In analog compression, she thunders in the corners and defines the record in manners not yet before seen in her work. It is a distinctly American album that breathes and whispers through the desolate heartland, an act of observing what you could call “America,” a self-contradictory landscape which finds itself captured time and time again by the ethos of late 1960s country-pop or the famed recording houses of Nashville.

Released on Sept. 15 following an extensive tour and even more extensive virality in the last few years, The Land’s existence was never itself certain. Mitski had previously been on a touring hiatus for some years, and announced the end of her music career after fulfilling label Dead Ocean’s requirement of one more album. The contract has since been renegotiated, with little word from both parties. The stresses of contractual requirements were further compounded by a surge in her music’s popularity on platforms such as TikTok, which has proven uncomfortable for her.

Despite initial fears and reservations, The Land sounds nothing like a contractual requirement. Remarkably, it’s far from it, standing as Mitski’s most reserved yet wisest album, a sort of reset button on genre and virality. Gone are the synth-pop arrangements of Laurel Hell and her most famous record, Be The Cowboy. The Land appears to almost be a return to form to the quieter, more reserved, aching period of her work. 

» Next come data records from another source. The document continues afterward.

(* Assume $\mathbf 1\in\Sigma^\circ$. Let $\mathbf t\in\mathcal V$ and $c^*\in\mathbb R$ be such that $\mathbf t-c^*\mathbf 1$ lies on the boundary of $\Sigma$, let $c<c^*$, and let $\mathbf y$ denote the gradient certificate of $\mathbf t-c\mathbf 1$. Then there exists a constant $C>0$, depending only on the operator $\Lambda$ (and not on $\mathbf t$ or $c$), such that \[ c^*-c\ \le\ \left(C\,\|\mathbf 1\|^*_{\mathbf y}\right)^{-1}. \]
   Context: Fix nonzero real polynomials $g_1,\dots,g_m$ in $n$ variables and nonnegative integers $d_1,\dots,d_m$. Let $\mathcal V$ be the real vector space of polynomials $\sum_{i=1}^m g_i r_i$ with $\deg r_i\le 2d_i$, and $\Sigma\subseteq\mathcal V$ the cone of weighted sums of squares $\sum_i g_i\sigma_i$ with each $\sigma_i$ a sum of squares of polynomials of degree at most $d_i$; assume $\Sigma$ is a proper cone. Fix a basis $\mathbf q=(q_1,\dots,q_U)$ of $\mathcal V$, identify $\mathcal V$ and its dual with $\mathbb R^U$ with the standard inner product and Euclidean norm $\|\cdot\|$; $\Sigma^*$ is the dual cone, $K^\circ$ the interior of $K$; $\mathbf 1$ is the coefficient vector of the constant polynomial $1$. For each $i$ fix a basis $\mathbf p_i$ (of size $L_i$) of polynomials of degree at most $d_i$ and let $\Lambda_i:\mathbb R^U\to\mathbb S^{L_i}$ be the unique linear map with $\sum_u q_u\Lambda_i(\mathbf e_u)=g_i\mathbf p_i\mathbf p_i^T$; $\Lambda=\Lambda_1\oplus\cdots\oplus\Lambda_m$ (block diagonal), $\Lambda^*$ its adjoint; $(\Sigma^* )^\circ=\{\mathbf x:\Lambda(\mathbf x)\succ0\}$. On $(\Sigma^* )^\circ$ let $f(\mathbf x)=-\ln\det\Lambda(\mathbf x)$, with gradient $g(\mathbf x)=-\Lambda^*(\Lambda(\mathbf x)^{-1})$ and Hessian $H(\mathbf x)\mathbf w=\Lambda^*(\Lambda(\mathbf x)^{-1}\Lambda(\mathbf w)\Lambda(\mathbf x)^{-1})$. Dual local norm $\|\mathbf s\|^*_{\mathbf x}=\|H(\mathbf x)^{-1/2}\mathbf s\|$. For $\mathbf s\in\Sigma^\circ$, the gradient certificate of $\mathbf s$ is the unique $\mathbf y\in(\Sigma^* )^\circ$ with $-g(\mathbf y)=\mathbf s$. *)

theory Defs
  imports "HOL-Analysis.Analysis" "HOL-Library.Poly_Mapping"
begin

text \<open>Real polynomials in the variables x_0, x_1, ...: finitely supported maps from
monomials (exponent vectors, nat =>0 nat) to real coefficients.\<close>
type_synonym rpoly = "(nat \<Rightarrow>\<^sub>0 nat) \<Rightarrow>\<^sub>0 real"

definition pconst :: "real \<Rightarrow> rpoly" where
  "pconst c = Poly_Mapping.single 0 c"

definition mon_deg :: "(nat \<Rightarrow>\<^sub>0 nat) \<Rightarrow> nat" where
  "mon_deg \<alpha> = (\<Sum>j\<in>Poly_Mapping.keys \<alpha>. Poly_Mapping.lookup \<alpha> j)"

text \<open>total degree (degree of the zero polynomial is taken to be 0)\<close>
definition tdeg :: "rpoly \<Rightarrow> nat" where
  "tdeg f = (if f = 0 then 0 else Max (mon_deg ` Poly_Mapping.keys f))"

definition in_vars :: "nat \<Rightarrow> rpoly \<Rightarrow> bool" where
  "in_vars n f \<longleftrightarrow> (\<forall>\<alpha>\<in>Poly_Mapping.keys f. Poly_Mapping.keys \<alpha> \<subseteq> {..<n})"

definition polys_le :: "nat \<Rightarrow> nat \<Rightarrow> rpoly set" where
  "polys_le n k = {f. in_vars n f \<and> tdeg f \<le> k}"

definition sos_le :: "nat \<Rightarrow> nat \<Rightarrow> rpoly set" where
  "sos_le n k = {\<sigma>. \<exists>hs. set hs \<subseteq> polys_le n k \<and> \<sigma> = sum_list (map (\<lambda>h. h * h) hs)}"

definition Vspace :: "nat \<Rightarrow> nat \<Rightarrow> (nat \<Rightarrow> rpoly) \<Rightarrow> (nat \<Rightarrow> nat) \<Rightarrow> rpoly set" where
  "Vspace n m g d = {f. \<exists>r. (\<forall>i<m. r i \<in> polys_le n (2 * d i)) \<and> f = (\<Sum>i<m. g i * r i)}"

definition WSOS :: "nat \<Rightarrow> nat \<Rightarrow> (nat \<Rightarrow> rpoly) \<Rightarrow> (nat \<Rightarrow> nat) \<Rightarrow> rpoly set" where
  "WSOS n m g d = {f. \<exists>\<sigma>. (\<forall>i<m. \<sigma> i \<in> sos_le n (d i)) \<and> f = (\<Sum>i<m. g i * \<sigma> i)}"

definition of_coeffs :: "('u::finite \<Rightarrow> rpoly) \<Rightarrow> real^'u \<Rightarrow> rpoly" where
  "of_coeffs q x = (\<Sum>u\<in>UNIV. pconst (x $ u) * q u)"

text \<open>Sigma identified with a subset of R^U via the basis q\<close>
definition Sigma_vec :: "nat \<Rightarrow> nat \<Rightarrow> (nat \<Rightarrow> rpoly) \<Rightarrow> (nat \<Rightarrow> nat) \<Rightarrow> ('u::finite \<Rightarrow> rpoly)
    \<Rightarrow> (real^'u) set" where
  "Sigma_vec n m g d q = {x. of_coeffs q x \<in> WSOS n m g d}"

In the opening single “Bug Like an Angel”, Mitski oscillates between massive gospel hums, hissing tape and the warble of an acoustic guitar, lamenting family and alcoholism. “Buffalo Replaced” takes on a borderline lo-fi level of country, and “Heaven” recalls the popular violin arrangements of a bygone era, populated with beautiful, yet utterly sincere lyrics. “I Don’t Like My Mind” appears at first listen to be a classic “depression song”, yet seems to take part in some criticism of the nature of said impressions. The lyric “A whole cake, all for me” evokes both tragedy and sincerity, appearing as both a self-reflective love song and an opportunity to exit the enemy, “me,” which recurs throughout the record.

The second half of the record tells a different, more subtle story. “The Deal”, while ballad-like at times, depicts a speaker giving their soul back to a bird and to the night, a deal left incomplete, at peace. On “When Memories Snow”, which acts as a brief interlude to the record, she invokes vast arrangements of a time long forgotten. On “My Love Mine All Mine” (the author’s personal favorite), Mitski creates a tragic distance which suggests eternity and closure within that eternity. These notions carry through to “Star”, which appears almost to be a shift in genre for the record with its spacey synthesizer, which is quickly lost to a far more meditative reflection of protagonism, in “I’m Your Man”. The penultimate track reads as if it were a goodbye, fading into the sound of crickets and barking dogs. “You believe me like a god / I’ll betray you like a man”. 

This is not the end. The 32-minute meditation ends on a somber note with “I Love Me After You”, which ends with Mitski alone with a cacophonous acoustic guitar and ghostly reverb-laden vocals. Rather than enraged, depressed or heartbroken, the speaker stands free, declaring “king of all the land” as the volume rises and encapsulates the soul of the record, dissolving with another tape hiss.

Perhaps this silent ending signals towards notions of fandom and virality, the warranted and necessary silence, a step away from devotion to an unspoken land. But it feels more correct to suggest that it is more powerful to embrace the uncertainty of a quiet future. There may be many other songwriters who have touched on the human subjects that Mitski does in this record: disillusion, escapism, the bottle, loneliness, absentness, love. But few have done this as well as Mitski has accomplished on this record and with this much quiet and honesty.

Perhaps it’s good for all of us that we are left with an uncertain ending. Haven’t we been left with them so many times? Why not walk freely into it?